Data
━━━━━━━━━━

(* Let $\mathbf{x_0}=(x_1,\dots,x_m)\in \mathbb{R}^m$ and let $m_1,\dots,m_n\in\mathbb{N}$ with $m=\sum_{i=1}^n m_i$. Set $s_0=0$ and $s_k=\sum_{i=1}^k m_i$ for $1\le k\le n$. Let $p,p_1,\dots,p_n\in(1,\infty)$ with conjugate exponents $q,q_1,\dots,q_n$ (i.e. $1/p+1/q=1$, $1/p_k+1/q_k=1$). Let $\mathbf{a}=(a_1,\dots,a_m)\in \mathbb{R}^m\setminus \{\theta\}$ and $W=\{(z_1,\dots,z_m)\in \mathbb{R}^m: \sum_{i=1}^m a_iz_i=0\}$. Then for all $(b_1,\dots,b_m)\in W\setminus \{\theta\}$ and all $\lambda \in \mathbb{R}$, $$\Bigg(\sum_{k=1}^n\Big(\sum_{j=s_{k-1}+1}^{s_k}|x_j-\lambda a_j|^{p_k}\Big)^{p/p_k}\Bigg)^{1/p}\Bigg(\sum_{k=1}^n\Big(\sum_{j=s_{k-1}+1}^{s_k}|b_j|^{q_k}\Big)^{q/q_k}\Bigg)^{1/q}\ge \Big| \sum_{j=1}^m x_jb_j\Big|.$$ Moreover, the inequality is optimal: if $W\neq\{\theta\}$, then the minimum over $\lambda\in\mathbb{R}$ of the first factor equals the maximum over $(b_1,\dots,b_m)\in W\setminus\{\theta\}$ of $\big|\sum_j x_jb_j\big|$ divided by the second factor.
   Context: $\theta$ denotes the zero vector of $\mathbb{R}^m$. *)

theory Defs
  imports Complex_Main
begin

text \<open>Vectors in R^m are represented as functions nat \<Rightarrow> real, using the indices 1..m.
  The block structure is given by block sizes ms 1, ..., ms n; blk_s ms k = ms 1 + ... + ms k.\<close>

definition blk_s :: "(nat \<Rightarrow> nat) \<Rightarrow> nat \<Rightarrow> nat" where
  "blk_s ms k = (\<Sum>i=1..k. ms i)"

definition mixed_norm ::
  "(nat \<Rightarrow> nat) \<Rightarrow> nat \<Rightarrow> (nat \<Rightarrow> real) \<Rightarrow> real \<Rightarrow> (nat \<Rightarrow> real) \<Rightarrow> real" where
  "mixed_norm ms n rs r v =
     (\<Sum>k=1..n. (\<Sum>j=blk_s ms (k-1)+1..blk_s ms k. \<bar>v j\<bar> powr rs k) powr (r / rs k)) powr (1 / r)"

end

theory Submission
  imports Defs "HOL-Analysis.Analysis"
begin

━━━━━━━━━━

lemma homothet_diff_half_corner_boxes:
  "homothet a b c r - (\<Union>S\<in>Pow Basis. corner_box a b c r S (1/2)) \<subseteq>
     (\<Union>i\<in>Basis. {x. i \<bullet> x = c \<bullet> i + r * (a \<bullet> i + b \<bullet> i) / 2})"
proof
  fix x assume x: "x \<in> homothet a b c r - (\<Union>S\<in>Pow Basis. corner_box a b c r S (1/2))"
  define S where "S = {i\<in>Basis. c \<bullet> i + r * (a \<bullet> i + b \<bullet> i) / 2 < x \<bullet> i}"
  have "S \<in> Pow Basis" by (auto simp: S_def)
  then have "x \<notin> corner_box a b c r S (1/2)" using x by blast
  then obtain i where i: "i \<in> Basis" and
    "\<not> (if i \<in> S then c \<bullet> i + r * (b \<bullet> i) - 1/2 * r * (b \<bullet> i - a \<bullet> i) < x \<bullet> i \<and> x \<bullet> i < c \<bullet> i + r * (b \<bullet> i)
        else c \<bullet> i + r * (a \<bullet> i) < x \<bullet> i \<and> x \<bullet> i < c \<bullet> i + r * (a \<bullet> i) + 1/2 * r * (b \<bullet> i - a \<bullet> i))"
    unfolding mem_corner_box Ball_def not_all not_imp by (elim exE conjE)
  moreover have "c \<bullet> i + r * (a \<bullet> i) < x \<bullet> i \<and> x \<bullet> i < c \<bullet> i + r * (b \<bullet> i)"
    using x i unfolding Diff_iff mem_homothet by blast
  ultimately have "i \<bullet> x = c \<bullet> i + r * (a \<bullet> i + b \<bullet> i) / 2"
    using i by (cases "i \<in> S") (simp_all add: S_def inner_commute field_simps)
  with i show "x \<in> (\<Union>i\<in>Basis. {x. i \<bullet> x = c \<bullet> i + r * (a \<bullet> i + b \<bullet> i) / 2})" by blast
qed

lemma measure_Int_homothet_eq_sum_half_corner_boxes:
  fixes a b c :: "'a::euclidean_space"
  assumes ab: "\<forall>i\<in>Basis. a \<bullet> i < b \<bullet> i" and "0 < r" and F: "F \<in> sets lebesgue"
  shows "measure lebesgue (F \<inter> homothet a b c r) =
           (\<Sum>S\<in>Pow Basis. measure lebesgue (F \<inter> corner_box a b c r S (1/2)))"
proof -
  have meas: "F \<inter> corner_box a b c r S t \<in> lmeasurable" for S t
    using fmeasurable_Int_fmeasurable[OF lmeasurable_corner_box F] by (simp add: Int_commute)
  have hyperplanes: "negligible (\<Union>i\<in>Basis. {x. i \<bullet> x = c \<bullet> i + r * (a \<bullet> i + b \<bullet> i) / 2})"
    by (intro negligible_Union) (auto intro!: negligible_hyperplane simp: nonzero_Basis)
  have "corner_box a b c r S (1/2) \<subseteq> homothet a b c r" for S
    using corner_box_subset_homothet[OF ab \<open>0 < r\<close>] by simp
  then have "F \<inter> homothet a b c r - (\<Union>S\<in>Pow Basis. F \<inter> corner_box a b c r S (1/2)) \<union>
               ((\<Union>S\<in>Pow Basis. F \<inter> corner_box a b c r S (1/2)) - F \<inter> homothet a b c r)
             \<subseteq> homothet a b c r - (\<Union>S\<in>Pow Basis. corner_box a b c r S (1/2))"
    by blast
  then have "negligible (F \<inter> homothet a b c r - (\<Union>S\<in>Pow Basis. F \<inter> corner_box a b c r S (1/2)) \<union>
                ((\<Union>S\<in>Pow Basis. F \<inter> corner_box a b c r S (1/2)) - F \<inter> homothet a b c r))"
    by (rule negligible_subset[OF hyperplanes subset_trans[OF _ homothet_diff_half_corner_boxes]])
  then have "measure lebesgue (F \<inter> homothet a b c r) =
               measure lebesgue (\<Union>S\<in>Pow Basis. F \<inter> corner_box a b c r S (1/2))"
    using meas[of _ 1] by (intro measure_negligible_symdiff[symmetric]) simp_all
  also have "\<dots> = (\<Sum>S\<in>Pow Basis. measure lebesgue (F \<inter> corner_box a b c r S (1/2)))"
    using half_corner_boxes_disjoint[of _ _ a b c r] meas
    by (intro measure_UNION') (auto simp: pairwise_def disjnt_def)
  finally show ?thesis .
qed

━━━━━━━━━━

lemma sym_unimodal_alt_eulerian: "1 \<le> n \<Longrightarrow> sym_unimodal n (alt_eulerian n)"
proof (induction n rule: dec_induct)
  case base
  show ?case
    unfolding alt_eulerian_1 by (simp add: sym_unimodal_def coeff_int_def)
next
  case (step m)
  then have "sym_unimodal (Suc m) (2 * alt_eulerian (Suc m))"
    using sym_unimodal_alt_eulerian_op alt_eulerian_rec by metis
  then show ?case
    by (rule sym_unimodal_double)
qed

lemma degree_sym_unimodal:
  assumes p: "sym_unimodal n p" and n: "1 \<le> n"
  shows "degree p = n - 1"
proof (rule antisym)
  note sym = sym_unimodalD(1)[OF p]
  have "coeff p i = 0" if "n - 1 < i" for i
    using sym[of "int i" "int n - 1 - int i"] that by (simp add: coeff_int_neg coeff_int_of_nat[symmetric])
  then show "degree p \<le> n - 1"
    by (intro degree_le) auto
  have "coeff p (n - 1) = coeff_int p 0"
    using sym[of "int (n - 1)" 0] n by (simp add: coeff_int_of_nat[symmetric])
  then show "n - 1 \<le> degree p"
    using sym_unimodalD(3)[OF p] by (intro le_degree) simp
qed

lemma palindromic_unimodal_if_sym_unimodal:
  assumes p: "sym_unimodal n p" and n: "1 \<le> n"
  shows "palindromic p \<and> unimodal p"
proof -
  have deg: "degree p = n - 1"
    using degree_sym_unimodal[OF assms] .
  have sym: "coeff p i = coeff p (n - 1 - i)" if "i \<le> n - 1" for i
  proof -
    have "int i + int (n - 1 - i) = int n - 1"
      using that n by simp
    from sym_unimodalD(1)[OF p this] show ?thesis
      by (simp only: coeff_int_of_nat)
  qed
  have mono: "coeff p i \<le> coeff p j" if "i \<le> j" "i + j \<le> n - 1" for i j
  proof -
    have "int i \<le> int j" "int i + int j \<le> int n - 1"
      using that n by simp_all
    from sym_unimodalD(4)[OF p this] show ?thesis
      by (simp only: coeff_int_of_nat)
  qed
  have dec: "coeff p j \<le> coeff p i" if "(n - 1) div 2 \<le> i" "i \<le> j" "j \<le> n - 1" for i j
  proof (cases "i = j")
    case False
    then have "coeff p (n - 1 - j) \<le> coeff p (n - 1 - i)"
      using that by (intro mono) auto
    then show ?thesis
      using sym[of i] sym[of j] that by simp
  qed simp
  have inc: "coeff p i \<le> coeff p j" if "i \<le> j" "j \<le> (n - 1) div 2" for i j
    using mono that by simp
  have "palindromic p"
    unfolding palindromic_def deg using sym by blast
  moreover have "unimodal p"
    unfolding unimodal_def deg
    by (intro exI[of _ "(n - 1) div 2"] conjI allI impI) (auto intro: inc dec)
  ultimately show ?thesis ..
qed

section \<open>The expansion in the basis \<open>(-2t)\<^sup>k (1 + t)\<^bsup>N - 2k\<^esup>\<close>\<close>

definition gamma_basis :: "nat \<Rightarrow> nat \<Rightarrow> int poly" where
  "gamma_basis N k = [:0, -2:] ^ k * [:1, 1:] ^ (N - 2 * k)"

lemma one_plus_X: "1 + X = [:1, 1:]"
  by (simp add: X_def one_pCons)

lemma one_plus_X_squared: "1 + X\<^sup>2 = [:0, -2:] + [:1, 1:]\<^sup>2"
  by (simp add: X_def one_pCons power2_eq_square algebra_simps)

━━━━━━━━━━

Exercise requirements
Go through the listing above and write out exactly the lines starting with the one holding "proof (rule antisym)" and running through the one holding "using degree_sym_unimodal[OF assms] .", ends included, and no others.

Exercise output
proof (rule antisym)
  note sym = sym_unimodalD(1)[OF p]
  have "coeff p i = 0" if "n - 1 < i" for i
    using sym[of "int i" "int n - 1 - int i"] that by (simp add: coeff_int_neg coeff_int_of_nat[symmetric])
  then show "degree p \<le> n - 1"
    by (intro degree_le) auto
  have "coeff p (n - 1) = coeff_int p 0"
    using sym[of "int (n - 1)" 0] n by (simp add: coeff_int_of_nat[symmetric])
  then show "n - 1 \<le> degree p"
    using sym_unimodalD(3)[OF p] by (intro le_degree) simp
qed

lemma palindromic_unimodal_if_sym_unimodal:
  assumes p: "sym_unimodal n p" and n: "1 \<le> n"
  shows "palindromic p \<and> unimodal p"
proof -
  have deg: "degree p = n - 1"
    using degree_sym_unimodal[OF assms] .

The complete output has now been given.